- Problem statement -
Pick out and copy every line below that has the word "cosh".

- Entries supplied -
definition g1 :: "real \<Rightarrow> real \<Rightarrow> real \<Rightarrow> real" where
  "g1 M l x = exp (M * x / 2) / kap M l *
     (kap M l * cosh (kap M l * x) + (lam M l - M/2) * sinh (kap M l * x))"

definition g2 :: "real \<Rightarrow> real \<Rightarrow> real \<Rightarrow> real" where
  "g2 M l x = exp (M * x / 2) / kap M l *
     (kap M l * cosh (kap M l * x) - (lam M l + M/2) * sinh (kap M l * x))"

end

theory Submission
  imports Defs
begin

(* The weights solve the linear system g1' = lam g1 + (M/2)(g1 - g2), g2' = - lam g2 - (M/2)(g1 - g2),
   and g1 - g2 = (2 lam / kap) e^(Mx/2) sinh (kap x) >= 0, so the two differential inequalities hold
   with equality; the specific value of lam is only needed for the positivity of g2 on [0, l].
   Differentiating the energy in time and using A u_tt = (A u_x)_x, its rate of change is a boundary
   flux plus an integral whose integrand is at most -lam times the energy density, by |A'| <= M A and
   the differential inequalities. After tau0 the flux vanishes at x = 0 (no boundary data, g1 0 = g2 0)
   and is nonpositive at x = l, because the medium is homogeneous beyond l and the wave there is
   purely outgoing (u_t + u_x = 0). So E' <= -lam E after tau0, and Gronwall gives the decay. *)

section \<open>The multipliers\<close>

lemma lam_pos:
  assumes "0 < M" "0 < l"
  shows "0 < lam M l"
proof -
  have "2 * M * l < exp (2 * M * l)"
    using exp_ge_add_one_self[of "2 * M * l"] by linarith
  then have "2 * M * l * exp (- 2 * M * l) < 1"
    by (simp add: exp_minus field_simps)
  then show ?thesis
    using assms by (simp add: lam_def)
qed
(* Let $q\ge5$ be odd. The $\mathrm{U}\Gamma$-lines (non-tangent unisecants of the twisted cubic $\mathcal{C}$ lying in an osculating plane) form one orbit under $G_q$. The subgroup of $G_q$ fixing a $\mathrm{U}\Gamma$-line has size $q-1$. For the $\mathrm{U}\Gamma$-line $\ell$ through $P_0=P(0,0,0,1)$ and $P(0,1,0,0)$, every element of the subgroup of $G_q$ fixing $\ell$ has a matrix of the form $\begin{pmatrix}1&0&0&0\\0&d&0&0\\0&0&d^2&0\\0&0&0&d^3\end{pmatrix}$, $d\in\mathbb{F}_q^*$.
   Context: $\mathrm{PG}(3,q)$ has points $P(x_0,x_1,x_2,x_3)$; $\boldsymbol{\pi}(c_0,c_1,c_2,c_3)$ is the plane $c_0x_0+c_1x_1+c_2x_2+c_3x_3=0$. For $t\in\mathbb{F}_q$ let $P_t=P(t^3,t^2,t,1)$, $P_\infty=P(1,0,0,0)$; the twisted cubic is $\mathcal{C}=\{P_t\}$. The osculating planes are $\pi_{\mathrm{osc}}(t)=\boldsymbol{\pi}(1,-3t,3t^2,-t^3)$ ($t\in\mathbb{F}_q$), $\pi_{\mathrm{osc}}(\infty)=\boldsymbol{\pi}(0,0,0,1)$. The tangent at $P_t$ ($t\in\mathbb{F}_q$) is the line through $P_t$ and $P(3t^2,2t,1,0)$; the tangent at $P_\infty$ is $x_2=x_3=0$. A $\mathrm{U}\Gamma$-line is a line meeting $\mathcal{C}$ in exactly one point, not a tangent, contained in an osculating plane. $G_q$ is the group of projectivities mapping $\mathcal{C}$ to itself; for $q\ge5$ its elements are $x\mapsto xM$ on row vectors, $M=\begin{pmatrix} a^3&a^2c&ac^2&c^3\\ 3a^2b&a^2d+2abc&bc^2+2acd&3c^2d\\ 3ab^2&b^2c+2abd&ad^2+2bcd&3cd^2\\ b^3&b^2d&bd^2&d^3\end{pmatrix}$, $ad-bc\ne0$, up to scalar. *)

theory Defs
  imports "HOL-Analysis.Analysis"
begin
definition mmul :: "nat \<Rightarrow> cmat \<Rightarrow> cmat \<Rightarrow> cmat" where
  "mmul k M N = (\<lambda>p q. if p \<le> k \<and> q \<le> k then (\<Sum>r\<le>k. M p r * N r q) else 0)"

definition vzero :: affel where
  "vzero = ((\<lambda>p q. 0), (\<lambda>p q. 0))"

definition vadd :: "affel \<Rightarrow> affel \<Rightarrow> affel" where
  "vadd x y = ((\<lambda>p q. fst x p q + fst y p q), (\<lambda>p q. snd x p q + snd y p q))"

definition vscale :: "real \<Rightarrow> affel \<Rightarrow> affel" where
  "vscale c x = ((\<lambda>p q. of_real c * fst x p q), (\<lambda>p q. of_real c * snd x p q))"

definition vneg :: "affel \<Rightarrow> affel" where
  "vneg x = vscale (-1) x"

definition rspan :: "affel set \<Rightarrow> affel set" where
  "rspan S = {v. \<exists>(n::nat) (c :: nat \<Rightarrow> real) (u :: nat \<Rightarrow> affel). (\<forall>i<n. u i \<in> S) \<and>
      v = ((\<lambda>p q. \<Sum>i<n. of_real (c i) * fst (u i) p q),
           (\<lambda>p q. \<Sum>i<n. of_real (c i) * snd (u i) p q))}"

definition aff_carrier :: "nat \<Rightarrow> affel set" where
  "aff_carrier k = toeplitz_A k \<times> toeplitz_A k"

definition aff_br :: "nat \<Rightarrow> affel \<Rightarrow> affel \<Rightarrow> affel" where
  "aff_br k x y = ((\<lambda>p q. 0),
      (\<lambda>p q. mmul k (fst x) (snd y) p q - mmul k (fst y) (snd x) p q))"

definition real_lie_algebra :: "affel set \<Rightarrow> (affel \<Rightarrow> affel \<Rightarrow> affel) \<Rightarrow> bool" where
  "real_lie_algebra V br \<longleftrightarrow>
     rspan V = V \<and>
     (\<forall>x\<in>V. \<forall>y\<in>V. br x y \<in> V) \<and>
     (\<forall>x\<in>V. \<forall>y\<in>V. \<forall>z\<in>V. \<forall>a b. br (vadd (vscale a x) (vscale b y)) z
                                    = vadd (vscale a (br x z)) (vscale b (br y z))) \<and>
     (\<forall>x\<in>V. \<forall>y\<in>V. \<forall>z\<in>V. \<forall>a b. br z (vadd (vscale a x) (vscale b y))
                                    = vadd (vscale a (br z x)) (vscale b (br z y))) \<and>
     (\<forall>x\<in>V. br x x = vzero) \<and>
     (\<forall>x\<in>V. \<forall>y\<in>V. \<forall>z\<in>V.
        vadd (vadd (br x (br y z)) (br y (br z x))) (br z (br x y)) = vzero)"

--

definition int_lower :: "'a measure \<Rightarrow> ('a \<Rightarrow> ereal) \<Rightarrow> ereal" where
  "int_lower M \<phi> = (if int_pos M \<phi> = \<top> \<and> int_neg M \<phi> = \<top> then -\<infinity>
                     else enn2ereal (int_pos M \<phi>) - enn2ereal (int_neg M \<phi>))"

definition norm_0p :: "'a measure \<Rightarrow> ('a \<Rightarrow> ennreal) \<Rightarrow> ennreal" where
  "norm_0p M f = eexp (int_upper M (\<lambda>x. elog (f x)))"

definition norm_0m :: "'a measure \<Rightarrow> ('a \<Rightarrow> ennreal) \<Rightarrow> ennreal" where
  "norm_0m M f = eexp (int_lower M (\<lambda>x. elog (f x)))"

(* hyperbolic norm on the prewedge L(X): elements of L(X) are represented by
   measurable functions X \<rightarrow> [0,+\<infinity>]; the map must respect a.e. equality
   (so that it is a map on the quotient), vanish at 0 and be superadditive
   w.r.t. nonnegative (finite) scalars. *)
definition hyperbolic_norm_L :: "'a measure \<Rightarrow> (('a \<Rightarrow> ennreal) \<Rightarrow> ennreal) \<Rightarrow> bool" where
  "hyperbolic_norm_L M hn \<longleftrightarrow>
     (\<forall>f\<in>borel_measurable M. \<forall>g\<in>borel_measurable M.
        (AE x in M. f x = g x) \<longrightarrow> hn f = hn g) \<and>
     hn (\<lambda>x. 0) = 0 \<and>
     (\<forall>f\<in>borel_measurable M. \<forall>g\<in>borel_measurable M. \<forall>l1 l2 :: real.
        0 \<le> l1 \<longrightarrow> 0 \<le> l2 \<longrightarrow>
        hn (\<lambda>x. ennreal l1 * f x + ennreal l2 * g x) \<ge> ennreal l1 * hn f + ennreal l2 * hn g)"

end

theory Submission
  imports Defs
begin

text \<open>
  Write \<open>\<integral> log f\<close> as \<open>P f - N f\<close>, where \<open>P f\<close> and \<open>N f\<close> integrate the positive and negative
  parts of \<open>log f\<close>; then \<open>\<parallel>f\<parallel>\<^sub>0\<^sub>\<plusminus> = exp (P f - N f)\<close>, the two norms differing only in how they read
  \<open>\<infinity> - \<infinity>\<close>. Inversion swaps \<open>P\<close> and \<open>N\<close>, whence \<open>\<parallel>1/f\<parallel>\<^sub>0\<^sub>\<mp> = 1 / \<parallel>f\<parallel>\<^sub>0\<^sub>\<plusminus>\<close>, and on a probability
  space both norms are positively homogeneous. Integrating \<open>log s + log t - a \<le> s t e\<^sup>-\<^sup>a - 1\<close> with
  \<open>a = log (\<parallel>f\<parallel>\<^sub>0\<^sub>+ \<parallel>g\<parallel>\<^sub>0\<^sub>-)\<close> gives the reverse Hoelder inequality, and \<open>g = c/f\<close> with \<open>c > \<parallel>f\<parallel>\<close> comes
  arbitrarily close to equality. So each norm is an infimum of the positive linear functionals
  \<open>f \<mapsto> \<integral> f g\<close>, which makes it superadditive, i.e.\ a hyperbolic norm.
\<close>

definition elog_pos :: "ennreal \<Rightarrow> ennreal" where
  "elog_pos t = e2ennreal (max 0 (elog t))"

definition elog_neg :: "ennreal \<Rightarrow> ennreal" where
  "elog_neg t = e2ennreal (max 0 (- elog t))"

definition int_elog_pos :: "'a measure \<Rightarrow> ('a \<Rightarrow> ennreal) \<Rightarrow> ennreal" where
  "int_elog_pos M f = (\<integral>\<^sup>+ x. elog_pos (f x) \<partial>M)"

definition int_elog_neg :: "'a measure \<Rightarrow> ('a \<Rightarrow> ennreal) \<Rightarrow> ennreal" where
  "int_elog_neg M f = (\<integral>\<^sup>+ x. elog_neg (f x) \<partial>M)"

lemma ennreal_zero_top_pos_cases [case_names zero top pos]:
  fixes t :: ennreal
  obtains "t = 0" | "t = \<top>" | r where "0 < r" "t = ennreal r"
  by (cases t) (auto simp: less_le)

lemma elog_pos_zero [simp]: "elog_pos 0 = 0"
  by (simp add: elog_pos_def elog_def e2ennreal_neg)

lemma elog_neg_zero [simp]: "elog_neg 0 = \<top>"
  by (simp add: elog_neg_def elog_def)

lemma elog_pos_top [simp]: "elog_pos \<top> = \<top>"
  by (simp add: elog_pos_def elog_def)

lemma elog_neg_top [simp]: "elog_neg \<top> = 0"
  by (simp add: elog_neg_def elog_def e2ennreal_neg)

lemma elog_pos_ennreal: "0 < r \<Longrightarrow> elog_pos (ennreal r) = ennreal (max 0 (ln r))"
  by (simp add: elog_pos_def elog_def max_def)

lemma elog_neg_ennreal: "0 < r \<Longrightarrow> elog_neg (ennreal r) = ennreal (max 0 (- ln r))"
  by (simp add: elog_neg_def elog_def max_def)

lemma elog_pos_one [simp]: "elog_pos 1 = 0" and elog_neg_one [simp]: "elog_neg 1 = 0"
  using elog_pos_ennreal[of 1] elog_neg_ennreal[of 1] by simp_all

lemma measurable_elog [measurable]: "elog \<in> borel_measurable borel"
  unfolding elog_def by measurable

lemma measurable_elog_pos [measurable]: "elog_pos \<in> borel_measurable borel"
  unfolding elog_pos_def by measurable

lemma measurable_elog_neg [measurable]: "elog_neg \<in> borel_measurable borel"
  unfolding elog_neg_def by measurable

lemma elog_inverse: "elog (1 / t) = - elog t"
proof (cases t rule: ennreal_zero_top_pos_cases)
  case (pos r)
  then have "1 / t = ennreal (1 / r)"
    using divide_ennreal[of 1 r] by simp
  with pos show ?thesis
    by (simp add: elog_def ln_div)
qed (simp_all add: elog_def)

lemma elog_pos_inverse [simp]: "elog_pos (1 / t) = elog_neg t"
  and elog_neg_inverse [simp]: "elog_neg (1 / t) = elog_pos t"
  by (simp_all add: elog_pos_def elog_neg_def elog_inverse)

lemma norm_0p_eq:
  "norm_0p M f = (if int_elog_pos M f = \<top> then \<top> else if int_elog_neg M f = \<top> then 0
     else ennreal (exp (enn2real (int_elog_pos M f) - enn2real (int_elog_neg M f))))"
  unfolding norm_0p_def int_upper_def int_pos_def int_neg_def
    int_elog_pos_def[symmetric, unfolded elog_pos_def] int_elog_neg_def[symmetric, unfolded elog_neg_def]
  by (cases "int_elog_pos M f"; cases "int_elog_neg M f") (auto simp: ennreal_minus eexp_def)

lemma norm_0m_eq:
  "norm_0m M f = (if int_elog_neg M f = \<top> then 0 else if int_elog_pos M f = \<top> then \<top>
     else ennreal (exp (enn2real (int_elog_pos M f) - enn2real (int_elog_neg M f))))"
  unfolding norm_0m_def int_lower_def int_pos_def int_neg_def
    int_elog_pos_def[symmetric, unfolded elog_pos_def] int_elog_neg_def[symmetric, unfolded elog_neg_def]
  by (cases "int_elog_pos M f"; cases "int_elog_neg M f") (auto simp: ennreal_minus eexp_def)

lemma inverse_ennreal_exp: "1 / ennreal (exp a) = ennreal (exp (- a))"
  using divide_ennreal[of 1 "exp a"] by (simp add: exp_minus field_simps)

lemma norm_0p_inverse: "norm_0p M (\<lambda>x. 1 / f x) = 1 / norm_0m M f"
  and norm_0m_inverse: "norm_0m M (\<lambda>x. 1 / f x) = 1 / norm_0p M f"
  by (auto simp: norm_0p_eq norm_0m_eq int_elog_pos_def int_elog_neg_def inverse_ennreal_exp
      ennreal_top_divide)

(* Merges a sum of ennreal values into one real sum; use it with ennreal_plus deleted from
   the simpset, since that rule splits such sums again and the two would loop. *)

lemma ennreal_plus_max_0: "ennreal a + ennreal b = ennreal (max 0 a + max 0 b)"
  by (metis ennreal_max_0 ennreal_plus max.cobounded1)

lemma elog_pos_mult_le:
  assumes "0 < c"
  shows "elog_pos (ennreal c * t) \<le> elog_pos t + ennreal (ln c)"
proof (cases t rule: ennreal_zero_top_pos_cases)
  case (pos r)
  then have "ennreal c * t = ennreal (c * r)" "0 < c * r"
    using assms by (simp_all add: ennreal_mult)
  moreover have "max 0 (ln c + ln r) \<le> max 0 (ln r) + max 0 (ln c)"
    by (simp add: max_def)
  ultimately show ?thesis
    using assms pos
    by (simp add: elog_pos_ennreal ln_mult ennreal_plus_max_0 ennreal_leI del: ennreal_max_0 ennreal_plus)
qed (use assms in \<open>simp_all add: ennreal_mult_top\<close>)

* * *

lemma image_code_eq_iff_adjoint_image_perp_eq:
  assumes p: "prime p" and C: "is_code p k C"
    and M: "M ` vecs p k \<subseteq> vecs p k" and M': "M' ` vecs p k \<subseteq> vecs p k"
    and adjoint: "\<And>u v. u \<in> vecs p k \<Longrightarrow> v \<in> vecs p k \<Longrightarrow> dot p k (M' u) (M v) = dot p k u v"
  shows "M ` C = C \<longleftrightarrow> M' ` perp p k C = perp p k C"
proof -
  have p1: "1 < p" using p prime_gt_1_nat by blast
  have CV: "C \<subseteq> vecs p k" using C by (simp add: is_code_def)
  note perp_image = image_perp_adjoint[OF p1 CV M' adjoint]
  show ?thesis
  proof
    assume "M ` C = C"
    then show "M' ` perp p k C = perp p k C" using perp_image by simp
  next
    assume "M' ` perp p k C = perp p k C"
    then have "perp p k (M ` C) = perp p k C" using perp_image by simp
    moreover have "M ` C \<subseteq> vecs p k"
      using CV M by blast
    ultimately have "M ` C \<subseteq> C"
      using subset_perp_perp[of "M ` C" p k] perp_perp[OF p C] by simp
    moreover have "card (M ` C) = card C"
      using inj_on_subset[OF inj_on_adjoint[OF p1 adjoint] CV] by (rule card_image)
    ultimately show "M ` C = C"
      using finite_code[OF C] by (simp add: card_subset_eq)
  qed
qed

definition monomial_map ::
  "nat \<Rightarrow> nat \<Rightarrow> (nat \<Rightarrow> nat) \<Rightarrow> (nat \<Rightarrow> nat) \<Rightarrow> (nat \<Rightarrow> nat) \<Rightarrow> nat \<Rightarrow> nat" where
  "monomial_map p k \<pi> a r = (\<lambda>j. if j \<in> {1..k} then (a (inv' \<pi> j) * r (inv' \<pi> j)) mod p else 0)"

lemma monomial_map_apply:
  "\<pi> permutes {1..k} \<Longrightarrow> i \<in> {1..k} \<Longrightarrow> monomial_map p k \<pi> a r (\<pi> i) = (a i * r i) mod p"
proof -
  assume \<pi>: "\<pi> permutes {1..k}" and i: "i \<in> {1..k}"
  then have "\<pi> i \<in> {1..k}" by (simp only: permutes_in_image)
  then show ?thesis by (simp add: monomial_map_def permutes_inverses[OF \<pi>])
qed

- Task answer -
     (kap M l * cosh (kap M l * x) + (lam M l - M/2) * sinh (kap M l * x))"
     (kap M l * cosh (kap M l * x) - (lam M l + M/2) * sinh (kap M l * x))"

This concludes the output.